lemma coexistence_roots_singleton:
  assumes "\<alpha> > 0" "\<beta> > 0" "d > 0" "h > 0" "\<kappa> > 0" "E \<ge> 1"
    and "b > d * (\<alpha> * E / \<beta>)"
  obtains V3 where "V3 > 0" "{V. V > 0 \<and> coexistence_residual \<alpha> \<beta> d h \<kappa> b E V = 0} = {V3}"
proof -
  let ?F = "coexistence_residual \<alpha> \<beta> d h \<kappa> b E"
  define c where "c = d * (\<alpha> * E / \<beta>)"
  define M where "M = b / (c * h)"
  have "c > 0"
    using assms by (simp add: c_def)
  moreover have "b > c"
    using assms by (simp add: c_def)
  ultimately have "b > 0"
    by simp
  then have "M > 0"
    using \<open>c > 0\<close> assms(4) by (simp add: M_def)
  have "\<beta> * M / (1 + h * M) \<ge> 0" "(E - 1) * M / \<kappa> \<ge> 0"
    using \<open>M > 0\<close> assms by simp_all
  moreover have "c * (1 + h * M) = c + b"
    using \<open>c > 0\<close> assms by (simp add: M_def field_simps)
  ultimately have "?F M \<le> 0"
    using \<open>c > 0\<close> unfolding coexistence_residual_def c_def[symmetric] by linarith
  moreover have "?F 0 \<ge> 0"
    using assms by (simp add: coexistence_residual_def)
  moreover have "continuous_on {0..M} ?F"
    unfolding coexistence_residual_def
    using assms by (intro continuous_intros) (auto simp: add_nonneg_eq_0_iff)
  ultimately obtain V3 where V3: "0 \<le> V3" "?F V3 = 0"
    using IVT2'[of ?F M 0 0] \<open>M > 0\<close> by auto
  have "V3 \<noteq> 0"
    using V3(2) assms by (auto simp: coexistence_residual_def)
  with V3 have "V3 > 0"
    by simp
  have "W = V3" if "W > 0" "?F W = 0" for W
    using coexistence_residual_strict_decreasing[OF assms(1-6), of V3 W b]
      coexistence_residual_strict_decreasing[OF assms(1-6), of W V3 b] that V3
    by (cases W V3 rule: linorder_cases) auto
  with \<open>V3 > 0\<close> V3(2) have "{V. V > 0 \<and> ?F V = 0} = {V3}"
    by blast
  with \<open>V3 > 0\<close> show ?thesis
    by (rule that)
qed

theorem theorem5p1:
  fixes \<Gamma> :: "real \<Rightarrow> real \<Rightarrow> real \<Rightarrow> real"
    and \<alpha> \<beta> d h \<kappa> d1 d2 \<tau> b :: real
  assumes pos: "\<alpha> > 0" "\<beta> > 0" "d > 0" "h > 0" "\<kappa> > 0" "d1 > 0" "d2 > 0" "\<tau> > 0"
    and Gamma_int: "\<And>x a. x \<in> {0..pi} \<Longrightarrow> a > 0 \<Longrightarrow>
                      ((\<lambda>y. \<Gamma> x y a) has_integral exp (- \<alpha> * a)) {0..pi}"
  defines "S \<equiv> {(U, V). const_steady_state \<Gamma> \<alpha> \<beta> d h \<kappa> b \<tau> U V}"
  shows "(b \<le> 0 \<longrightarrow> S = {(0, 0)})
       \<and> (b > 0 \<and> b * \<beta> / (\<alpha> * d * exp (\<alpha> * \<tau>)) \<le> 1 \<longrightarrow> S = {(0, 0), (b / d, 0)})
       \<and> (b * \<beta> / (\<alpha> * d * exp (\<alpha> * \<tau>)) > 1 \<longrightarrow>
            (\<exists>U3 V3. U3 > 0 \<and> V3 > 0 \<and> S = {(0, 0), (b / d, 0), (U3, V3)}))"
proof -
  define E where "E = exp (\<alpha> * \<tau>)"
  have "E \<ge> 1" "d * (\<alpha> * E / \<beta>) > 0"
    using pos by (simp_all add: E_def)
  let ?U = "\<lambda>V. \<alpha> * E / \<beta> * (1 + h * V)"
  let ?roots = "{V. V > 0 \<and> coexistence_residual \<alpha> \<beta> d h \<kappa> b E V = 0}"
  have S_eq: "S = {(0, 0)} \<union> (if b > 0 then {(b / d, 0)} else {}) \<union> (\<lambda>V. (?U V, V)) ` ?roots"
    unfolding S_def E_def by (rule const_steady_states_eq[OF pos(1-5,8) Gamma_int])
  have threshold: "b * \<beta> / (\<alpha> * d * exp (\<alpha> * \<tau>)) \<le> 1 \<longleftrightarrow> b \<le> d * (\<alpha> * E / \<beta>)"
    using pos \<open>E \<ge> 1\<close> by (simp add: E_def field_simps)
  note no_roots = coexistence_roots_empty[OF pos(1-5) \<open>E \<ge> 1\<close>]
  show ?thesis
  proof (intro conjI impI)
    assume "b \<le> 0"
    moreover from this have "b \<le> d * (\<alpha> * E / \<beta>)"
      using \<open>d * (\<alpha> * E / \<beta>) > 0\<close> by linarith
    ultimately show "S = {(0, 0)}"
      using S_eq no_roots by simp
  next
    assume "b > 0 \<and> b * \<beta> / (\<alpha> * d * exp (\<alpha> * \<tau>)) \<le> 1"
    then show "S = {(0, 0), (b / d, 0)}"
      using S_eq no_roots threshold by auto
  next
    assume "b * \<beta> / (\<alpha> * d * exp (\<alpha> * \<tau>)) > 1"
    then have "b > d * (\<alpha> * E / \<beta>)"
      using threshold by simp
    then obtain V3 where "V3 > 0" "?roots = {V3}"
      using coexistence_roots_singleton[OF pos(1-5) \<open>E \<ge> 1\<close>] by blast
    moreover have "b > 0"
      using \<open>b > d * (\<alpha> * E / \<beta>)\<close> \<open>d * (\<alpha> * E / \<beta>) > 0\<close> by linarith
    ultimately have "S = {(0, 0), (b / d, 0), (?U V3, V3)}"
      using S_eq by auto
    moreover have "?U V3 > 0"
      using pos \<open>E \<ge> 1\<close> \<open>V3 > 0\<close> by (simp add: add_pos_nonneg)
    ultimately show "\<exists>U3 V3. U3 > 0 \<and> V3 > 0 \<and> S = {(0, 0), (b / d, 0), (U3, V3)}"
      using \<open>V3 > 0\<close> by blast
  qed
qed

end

========================================

### Exercise description
Above are the records; repeat exactly the lines from the one holding "and \<alpha> \<beta>" down to the one holding "a > 0 \<Longrightarrow>", end lines included.

### Exercise solution
    and \<alpha> \<beta> d h \<kappa> d1 d2 \<tau> b :: real
  assumes pos: "\<alpha> > 0" "\<beta> > 0" "d > 0" "h > 0" "\<kappa> > 0" "d1 > 0" "d2 > 0" "\<tau> > 0"
    and Gamma_int: "\<And>x a. x \<in> {0..pi} \<Longrightarrow> a > 0 \<Longrightarrow>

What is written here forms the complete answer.